== Directions ==
Report back each line of the data that contains the word "power".

== Records to use ==
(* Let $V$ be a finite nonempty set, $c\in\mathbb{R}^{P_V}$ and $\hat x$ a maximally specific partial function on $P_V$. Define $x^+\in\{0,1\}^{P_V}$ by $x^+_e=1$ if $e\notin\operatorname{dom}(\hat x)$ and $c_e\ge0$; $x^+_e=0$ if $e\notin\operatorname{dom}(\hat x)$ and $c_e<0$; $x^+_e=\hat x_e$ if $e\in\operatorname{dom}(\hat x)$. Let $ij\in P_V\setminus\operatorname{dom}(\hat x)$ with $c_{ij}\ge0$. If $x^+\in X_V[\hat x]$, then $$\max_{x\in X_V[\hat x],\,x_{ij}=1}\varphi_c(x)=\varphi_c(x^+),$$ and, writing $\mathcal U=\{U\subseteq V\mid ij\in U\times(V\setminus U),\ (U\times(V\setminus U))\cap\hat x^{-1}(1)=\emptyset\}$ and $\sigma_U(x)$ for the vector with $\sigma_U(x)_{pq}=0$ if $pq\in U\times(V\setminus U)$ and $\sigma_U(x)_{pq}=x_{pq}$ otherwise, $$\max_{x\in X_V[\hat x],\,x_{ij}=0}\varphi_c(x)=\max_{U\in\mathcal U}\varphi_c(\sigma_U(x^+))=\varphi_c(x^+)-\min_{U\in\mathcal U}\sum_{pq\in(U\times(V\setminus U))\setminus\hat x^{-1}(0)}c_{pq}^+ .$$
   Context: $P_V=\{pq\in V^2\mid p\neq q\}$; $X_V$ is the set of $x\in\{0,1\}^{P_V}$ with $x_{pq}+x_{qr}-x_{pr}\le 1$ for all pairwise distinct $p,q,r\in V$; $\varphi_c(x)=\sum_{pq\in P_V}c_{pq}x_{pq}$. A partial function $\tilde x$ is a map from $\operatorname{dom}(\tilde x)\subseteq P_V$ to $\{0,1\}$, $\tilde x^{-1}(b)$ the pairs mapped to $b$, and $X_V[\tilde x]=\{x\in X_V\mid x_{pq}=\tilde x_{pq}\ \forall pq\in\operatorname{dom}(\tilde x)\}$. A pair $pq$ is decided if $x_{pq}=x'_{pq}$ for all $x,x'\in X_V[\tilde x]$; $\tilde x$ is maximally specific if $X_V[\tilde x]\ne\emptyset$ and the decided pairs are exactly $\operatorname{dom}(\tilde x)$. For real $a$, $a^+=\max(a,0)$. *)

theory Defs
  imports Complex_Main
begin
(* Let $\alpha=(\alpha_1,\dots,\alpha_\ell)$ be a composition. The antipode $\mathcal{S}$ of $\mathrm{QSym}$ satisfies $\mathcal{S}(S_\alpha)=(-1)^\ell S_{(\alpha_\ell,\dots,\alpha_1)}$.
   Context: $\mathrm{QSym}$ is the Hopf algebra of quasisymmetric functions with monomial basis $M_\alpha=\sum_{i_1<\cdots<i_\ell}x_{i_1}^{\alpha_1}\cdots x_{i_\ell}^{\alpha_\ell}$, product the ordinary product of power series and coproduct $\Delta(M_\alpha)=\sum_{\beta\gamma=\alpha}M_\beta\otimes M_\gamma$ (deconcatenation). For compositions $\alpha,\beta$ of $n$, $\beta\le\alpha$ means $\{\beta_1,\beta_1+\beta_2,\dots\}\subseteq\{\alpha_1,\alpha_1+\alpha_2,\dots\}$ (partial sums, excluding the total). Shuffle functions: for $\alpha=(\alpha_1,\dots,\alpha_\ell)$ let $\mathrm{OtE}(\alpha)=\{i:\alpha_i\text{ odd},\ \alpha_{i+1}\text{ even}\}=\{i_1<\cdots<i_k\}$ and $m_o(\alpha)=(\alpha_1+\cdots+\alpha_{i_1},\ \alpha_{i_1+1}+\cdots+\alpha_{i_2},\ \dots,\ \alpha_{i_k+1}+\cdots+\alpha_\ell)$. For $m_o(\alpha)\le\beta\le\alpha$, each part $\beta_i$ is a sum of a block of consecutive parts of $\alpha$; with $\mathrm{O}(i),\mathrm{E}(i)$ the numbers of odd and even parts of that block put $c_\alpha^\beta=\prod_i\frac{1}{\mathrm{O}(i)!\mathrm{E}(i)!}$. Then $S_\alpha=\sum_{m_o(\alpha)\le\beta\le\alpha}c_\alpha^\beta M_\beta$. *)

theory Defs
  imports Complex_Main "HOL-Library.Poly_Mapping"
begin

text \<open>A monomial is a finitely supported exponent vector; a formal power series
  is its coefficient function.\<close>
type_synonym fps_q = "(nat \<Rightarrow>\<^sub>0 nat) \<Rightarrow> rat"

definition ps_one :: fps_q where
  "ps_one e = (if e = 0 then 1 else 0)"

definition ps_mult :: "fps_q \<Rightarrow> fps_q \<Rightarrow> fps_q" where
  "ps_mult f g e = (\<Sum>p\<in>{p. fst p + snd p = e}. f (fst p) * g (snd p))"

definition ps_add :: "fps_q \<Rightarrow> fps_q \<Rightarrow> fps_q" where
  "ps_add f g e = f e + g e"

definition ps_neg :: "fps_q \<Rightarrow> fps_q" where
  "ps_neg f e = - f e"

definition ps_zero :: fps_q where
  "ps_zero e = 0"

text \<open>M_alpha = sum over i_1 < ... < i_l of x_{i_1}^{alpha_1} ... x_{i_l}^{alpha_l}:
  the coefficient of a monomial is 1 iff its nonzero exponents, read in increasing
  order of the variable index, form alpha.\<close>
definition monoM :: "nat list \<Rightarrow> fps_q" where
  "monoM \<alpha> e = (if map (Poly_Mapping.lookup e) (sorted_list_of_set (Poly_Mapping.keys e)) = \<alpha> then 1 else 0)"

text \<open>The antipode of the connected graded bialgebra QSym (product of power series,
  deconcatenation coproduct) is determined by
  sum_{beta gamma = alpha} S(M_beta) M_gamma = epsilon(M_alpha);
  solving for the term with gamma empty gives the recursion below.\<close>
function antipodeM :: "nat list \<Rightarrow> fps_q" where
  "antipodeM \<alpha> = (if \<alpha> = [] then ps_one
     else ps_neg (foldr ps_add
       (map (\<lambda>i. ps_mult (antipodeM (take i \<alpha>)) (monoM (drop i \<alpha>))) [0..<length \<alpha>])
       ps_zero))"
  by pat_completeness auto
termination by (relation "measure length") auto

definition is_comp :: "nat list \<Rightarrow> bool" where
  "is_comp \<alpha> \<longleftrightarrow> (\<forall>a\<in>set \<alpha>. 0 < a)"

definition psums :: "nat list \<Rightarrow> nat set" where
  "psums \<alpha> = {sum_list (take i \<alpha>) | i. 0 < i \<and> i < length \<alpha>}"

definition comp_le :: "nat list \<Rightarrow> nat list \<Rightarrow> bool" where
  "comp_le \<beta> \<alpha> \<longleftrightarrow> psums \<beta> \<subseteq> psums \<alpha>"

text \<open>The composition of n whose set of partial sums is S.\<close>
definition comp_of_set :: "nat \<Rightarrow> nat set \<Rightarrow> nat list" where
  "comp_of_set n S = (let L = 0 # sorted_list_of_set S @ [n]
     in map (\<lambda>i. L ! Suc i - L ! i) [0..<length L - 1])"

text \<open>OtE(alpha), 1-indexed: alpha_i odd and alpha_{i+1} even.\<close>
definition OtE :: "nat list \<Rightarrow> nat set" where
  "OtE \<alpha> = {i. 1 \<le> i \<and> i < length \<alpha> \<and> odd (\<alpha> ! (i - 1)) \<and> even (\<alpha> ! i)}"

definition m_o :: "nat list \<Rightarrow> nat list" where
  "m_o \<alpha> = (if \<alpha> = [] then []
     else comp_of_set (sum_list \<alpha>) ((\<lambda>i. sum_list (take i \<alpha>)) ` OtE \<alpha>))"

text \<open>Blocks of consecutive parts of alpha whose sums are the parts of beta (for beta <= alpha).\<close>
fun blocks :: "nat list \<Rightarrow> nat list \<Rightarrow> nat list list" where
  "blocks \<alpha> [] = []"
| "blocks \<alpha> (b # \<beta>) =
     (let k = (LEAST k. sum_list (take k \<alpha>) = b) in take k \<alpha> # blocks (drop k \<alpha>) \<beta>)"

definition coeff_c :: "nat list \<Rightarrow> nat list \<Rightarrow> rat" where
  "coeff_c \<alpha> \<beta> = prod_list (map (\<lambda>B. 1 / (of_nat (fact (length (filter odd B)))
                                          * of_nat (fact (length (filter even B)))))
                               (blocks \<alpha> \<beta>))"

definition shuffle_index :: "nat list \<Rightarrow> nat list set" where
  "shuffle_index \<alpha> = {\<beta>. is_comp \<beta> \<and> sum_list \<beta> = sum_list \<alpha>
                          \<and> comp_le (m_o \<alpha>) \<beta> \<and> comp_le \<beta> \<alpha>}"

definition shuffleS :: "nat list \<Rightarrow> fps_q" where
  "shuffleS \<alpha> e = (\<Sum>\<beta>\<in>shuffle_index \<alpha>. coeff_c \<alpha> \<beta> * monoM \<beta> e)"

== Solution ==
   Context: $\mathrm{QSym}$ is the Hopf algebra of quasisymmetric functions with monomial basis $M_\alpha=\sum_{i_1<\cdots<i_\ell}x_{i_1}^{\alpha_1}\cdots x_{i_\ell}^{\alpha_\ell}$, product the ordinary product of power series and coproduct $\Delta(M_\alpha)=\sum_{\beta\gamma=\alpha}M_\beta\otimes M_\gamma$ (deconcatenation). For compositions $\alpha,\beta$ of $n$, $\beta\le\alpha$ means $\{\beta_1,\beta_1+\beta_2,\dots\}\subseteq\{\alpha_1,\alpha_1+\alpha_2,\dots\}$ (partial sums, excluding the total). Shuffle functions: for $\alpha=(\alpha_1,\dots,\alpha_\ell)$ let $\mathrm{OtE}(\alpha)=\{i:\alpha_i\text{ odd},\ \alpha_{i+1}\text{ even}\}=\{i_1<\cdots<i_k\}$ and $m_o(\alpha)=(\alpha_1+\cdots+\alpha_{i_1},\ \alpha_{i_1+1}+\cdots+\alpha_{i_2},\ \dots,\ \alpha_{i_k+1}+\cdots+\alpha_\ell)$. For $m_o(\alpha)\le\beta\le\alpha$, each part $\beta_i$ is a sum of a block of consecutive parts of $\alpha$; with $\mathrm{O}(i),\mathrm{E}(i)$ the numbers of odd and even parts of that block put $c_\alpha^\beta=\prod_i\frac{1}{\mathrm{O}(i)!\mathrm{E}(i)!}$. Then $S_\alpha=\sum_{m_o(\alpha)\le\beta\le\alpha}c_\alpha^\beta M_\beta$. *)
text \<open>A monomial is a finitely supported exponent vector; a formal power series
text \<open>The antipode of the connected graded bialgebra QSym (product of power series,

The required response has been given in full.